Exercise:
For the data below, give the number of lines containing "qform" and nothing more.

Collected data
......
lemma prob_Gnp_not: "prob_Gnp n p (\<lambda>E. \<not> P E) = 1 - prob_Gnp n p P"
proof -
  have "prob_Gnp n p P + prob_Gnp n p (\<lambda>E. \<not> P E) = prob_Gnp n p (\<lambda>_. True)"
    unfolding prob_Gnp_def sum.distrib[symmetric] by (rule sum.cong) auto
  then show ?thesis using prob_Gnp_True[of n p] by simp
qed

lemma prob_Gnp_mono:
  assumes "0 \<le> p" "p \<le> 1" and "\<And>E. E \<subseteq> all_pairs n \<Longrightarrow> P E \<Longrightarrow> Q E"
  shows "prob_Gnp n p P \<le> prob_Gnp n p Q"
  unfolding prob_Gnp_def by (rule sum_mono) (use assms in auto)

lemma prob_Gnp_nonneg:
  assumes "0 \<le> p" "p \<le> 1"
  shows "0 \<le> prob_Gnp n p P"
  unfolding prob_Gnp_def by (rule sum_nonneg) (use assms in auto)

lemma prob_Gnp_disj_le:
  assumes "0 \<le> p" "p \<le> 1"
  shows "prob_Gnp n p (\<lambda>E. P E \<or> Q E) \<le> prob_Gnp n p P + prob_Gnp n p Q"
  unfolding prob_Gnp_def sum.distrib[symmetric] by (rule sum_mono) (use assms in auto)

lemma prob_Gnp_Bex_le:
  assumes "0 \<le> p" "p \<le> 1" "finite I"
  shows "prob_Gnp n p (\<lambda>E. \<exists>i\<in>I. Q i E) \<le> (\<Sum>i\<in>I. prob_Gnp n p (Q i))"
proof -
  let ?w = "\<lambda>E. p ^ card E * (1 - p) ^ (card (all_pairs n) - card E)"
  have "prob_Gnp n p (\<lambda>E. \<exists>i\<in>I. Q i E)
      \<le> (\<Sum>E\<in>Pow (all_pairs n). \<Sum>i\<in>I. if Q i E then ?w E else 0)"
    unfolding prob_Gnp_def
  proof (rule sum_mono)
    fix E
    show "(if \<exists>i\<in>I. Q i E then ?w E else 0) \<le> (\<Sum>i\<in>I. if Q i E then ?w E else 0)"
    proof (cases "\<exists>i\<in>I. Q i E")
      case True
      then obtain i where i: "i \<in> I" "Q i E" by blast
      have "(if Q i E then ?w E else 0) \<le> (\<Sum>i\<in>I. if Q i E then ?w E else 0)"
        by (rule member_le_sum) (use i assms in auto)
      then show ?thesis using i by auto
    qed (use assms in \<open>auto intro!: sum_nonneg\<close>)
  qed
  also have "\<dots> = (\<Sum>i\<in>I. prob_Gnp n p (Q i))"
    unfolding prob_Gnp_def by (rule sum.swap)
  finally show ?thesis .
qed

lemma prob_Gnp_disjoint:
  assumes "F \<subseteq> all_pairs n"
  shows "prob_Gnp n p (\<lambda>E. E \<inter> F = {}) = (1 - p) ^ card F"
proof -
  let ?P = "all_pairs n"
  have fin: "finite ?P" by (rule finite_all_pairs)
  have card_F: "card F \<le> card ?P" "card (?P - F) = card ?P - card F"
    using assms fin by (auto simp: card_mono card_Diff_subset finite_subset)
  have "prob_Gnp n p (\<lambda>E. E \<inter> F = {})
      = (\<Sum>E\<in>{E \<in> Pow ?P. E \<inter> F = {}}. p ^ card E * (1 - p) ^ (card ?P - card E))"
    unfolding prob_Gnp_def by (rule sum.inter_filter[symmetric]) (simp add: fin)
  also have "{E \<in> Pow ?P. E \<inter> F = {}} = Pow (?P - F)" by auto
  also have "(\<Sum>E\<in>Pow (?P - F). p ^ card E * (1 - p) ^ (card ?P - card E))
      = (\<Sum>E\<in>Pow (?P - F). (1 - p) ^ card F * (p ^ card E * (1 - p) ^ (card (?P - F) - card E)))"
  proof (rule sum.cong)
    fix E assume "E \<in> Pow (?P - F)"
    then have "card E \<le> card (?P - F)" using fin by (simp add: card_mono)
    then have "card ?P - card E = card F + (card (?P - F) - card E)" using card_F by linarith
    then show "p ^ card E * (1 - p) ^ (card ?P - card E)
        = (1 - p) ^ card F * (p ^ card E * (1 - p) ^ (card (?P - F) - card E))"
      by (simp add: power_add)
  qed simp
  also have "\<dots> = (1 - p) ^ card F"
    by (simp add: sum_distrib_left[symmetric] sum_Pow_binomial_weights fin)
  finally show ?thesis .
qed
......
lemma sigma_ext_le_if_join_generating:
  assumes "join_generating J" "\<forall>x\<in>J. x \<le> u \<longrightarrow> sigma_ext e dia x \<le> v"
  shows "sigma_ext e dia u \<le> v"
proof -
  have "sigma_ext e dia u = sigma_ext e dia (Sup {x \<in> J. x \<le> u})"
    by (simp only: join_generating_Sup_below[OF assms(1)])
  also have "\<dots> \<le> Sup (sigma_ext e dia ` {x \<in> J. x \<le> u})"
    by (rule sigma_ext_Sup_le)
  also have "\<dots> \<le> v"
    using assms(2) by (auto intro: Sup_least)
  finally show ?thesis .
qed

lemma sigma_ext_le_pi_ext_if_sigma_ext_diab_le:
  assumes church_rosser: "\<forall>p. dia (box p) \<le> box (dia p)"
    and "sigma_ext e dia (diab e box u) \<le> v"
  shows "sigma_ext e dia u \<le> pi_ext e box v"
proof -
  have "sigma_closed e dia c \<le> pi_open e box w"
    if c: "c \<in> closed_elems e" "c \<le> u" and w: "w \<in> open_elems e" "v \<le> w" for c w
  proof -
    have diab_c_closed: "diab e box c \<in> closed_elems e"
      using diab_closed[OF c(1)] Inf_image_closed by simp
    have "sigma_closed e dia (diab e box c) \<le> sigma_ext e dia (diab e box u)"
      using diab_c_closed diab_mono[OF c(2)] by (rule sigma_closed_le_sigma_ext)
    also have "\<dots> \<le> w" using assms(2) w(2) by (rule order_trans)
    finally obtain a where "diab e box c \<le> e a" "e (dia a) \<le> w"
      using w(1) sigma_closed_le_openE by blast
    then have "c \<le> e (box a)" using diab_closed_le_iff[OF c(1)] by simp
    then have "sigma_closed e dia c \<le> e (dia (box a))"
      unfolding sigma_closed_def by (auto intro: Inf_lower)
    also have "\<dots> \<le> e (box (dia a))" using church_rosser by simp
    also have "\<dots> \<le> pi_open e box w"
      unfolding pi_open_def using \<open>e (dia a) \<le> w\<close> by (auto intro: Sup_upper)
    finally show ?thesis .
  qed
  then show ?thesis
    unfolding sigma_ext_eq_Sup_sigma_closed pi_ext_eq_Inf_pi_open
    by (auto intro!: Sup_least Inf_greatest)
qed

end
......
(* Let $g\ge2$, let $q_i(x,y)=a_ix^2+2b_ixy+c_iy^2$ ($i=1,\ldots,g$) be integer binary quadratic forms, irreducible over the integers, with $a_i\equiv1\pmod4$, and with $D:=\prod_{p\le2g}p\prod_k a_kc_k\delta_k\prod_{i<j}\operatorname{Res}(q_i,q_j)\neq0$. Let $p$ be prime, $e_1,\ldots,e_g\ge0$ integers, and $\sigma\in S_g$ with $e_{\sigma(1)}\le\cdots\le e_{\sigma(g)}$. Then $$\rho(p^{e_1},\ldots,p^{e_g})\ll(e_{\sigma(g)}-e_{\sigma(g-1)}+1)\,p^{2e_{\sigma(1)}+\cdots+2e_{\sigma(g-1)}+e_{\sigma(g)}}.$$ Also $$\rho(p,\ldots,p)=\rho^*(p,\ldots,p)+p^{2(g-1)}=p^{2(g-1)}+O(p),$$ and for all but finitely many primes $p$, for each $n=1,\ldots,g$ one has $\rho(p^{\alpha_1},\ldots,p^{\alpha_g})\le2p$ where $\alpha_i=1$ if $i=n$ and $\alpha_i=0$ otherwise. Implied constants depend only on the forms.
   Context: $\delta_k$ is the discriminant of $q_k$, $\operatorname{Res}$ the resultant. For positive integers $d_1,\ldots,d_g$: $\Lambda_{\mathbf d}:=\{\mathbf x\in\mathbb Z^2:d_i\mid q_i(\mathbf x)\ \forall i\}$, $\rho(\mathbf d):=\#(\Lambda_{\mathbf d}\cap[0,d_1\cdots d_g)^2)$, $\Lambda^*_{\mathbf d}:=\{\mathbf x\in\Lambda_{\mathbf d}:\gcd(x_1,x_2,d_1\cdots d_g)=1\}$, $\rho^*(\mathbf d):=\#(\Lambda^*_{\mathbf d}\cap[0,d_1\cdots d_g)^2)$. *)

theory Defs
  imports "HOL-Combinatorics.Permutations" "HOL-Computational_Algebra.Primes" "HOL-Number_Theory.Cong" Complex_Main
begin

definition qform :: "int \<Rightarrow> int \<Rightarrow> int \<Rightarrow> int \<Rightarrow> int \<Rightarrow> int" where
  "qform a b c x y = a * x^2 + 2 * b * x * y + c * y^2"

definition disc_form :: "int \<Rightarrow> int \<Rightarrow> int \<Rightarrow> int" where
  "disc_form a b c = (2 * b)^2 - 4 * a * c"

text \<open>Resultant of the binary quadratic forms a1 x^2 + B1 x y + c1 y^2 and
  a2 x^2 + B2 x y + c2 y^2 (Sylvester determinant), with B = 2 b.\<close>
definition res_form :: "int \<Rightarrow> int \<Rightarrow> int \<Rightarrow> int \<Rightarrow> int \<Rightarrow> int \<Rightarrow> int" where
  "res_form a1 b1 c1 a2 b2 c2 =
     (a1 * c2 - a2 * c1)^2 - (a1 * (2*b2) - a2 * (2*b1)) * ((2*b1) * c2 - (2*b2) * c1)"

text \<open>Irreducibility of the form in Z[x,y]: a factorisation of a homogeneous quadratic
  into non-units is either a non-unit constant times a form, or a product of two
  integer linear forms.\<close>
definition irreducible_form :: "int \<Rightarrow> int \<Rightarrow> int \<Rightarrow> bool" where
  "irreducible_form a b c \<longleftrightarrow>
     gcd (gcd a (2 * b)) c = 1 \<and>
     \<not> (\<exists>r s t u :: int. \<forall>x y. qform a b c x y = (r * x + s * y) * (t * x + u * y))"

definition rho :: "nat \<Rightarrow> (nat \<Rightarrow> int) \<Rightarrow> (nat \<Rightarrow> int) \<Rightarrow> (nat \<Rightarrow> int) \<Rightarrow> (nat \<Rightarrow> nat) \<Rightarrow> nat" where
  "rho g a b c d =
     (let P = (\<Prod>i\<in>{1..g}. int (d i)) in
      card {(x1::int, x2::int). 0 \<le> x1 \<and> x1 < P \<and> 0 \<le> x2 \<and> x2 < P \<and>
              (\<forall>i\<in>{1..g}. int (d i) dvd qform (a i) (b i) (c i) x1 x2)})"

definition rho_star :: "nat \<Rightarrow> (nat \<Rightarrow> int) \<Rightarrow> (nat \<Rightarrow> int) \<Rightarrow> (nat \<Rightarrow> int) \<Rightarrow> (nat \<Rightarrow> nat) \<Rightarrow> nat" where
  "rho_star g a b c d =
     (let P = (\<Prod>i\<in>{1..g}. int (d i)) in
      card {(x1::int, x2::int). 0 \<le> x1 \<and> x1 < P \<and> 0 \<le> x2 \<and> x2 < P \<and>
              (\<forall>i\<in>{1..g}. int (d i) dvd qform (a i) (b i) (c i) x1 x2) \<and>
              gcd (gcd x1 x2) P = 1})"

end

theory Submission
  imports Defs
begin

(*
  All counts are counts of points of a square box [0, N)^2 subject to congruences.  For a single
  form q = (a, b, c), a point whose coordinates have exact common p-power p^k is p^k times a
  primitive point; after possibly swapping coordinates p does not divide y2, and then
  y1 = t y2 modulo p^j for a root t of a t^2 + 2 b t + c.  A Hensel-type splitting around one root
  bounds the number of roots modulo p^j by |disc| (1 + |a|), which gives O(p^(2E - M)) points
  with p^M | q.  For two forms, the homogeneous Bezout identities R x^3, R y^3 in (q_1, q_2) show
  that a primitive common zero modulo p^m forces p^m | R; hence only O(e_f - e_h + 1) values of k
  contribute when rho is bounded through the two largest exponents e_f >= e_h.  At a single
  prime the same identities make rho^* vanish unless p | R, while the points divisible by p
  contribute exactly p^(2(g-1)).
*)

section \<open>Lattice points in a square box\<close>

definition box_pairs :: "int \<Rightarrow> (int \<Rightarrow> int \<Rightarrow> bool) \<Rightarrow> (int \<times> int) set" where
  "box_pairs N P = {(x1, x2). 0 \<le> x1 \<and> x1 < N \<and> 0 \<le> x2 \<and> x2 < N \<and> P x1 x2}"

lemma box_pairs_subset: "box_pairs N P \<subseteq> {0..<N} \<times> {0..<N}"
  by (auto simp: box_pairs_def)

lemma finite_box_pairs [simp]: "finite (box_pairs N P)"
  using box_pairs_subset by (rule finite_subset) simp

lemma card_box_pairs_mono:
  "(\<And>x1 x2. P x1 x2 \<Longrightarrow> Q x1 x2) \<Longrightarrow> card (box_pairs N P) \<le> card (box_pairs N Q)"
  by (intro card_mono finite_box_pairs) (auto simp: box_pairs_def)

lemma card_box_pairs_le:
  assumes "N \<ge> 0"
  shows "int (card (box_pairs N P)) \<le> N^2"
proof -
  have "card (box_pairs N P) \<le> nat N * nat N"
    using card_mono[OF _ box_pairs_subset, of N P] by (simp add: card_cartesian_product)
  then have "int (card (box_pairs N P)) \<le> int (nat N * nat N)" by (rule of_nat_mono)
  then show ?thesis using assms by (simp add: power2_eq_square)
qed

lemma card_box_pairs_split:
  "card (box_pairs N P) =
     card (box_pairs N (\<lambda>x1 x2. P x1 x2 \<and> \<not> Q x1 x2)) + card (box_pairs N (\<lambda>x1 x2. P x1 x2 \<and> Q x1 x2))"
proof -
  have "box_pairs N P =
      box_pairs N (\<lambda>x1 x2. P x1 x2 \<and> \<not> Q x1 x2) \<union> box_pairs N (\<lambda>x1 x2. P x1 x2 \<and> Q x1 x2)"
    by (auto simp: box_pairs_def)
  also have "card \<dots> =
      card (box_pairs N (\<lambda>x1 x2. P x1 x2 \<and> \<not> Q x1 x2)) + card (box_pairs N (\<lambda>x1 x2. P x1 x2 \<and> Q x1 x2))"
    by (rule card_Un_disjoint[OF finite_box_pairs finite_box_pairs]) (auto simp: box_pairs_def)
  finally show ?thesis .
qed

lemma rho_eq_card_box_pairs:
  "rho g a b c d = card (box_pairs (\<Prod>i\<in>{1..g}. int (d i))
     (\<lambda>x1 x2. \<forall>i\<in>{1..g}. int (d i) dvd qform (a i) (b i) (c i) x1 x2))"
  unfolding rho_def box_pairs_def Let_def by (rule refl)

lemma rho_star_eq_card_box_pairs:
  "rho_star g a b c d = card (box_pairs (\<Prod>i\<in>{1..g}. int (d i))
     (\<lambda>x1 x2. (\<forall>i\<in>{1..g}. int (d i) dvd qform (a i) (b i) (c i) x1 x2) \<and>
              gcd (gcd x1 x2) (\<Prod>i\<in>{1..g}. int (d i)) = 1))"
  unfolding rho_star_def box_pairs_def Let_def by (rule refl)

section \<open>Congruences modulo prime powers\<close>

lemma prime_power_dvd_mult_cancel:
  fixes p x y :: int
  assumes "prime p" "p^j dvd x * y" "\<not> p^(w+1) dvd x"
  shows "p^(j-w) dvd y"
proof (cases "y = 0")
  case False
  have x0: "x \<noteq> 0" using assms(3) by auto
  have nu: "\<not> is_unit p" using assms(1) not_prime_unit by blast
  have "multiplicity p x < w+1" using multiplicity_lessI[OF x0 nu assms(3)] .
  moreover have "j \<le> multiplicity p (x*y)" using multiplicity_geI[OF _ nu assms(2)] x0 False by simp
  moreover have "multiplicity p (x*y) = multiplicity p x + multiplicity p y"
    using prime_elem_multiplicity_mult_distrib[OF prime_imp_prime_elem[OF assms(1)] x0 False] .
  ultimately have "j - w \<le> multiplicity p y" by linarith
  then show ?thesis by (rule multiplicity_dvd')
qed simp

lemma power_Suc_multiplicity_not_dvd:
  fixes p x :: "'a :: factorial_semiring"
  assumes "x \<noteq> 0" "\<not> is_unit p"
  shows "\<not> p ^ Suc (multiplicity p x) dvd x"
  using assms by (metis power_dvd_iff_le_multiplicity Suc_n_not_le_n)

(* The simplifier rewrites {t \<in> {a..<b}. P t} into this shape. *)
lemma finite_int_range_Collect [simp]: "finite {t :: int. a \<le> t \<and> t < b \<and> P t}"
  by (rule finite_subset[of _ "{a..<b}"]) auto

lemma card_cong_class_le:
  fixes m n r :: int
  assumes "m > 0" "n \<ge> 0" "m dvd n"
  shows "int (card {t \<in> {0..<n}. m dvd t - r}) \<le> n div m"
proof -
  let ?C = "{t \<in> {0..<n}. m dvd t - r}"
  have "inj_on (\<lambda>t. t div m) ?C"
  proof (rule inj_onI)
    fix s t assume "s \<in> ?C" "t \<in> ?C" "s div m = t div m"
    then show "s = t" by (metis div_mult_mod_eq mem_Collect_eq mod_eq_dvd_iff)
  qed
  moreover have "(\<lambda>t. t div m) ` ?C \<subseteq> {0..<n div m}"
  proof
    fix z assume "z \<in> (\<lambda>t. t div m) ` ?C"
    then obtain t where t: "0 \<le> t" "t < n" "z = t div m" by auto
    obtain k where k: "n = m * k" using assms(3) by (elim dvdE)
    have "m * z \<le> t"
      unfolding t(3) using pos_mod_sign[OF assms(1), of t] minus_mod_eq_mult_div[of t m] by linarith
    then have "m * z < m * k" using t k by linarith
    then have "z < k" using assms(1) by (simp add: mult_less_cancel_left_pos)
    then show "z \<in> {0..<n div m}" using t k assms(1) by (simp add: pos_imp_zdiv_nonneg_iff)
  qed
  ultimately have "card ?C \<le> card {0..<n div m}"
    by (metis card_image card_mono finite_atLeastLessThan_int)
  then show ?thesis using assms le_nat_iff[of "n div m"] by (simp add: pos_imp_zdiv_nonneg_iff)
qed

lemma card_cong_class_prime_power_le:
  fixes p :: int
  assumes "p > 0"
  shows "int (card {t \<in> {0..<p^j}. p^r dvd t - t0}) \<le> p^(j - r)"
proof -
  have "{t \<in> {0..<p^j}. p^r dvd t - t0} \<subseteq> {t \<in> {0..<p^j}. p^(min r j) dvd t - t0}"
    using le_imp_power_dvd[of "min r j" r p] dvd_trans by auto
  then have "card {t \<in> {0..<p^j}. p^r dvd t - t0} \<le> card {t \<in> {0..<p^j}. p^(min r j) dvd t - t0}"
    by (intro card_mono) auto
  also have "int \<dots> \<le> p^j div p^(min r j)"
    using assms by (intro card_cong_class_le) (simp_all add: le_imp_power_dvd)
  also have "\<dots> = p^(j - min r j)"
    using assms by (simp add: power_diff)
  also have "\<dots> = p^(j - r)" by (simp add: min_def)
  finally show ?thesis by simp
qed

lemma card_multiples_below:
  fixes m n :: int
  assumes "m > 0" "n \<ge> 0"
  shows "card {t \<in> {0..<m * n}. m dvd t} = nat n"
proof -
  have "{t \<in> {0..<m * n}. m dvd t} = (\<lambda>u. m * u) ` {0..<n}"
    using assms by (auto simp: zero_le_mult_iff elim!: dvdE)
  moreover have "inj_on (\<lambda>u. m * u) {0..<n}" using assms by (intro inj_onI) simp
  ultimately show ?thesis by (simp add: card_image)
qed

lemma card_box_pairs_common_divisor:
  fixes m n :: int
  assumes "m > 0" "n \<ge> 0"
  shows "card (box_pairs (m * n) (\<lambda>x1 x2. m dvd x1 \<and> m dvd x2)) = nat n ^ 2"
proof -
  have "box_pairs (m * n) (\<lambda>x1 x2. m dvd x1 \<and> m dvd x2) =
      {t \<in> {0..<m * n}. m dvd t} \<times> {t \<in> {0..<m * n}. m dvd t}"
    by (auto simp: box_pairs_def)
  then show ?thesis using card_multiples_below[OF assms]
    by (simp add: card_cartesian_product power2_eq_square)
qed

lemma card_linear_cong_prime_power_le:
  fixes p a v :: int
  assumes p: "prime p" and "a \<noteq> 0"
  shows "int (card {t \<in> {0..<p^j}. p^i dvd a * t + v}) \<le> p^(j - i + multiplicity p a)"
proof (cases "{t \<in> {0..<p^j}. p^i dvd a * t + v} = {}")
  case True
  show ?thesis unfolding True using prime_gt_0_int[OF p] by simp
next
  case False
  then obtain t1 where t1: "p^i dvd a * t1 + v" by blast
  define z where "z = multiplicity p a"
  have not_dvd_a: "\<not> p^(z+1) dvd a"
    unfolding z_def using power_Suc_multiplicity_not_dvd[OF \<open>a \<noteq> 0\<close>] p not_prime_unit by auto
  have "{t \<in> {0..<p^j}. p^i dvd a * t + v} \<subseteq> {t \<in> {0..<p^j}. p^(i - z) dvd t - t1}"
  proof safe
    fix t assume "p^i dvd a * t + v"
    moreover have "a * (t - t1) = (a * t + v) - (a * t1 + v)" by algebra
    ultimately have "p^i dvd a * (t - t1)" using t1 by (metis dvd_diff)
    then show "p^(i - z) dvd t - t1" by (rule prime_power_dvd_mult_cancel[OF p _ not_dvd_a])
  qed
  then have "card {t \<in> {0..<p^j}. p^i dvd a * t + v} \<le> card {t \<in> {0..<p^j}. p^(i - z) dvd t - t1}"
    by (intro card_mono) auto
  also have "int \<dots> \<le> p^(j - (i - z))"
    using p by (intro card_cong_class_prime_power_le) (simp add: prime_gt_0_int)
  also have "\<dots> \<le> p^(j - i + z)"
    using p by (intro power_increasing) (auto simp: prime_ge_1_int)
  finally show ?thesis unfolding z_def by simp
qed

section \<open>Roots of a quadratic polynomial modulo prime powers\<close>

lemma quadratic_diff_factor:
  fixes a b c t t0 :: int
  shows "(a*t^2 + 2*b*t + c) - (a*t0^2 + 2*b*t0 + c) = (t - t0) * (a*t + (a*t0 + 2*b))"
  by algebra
......
Exercise result:
7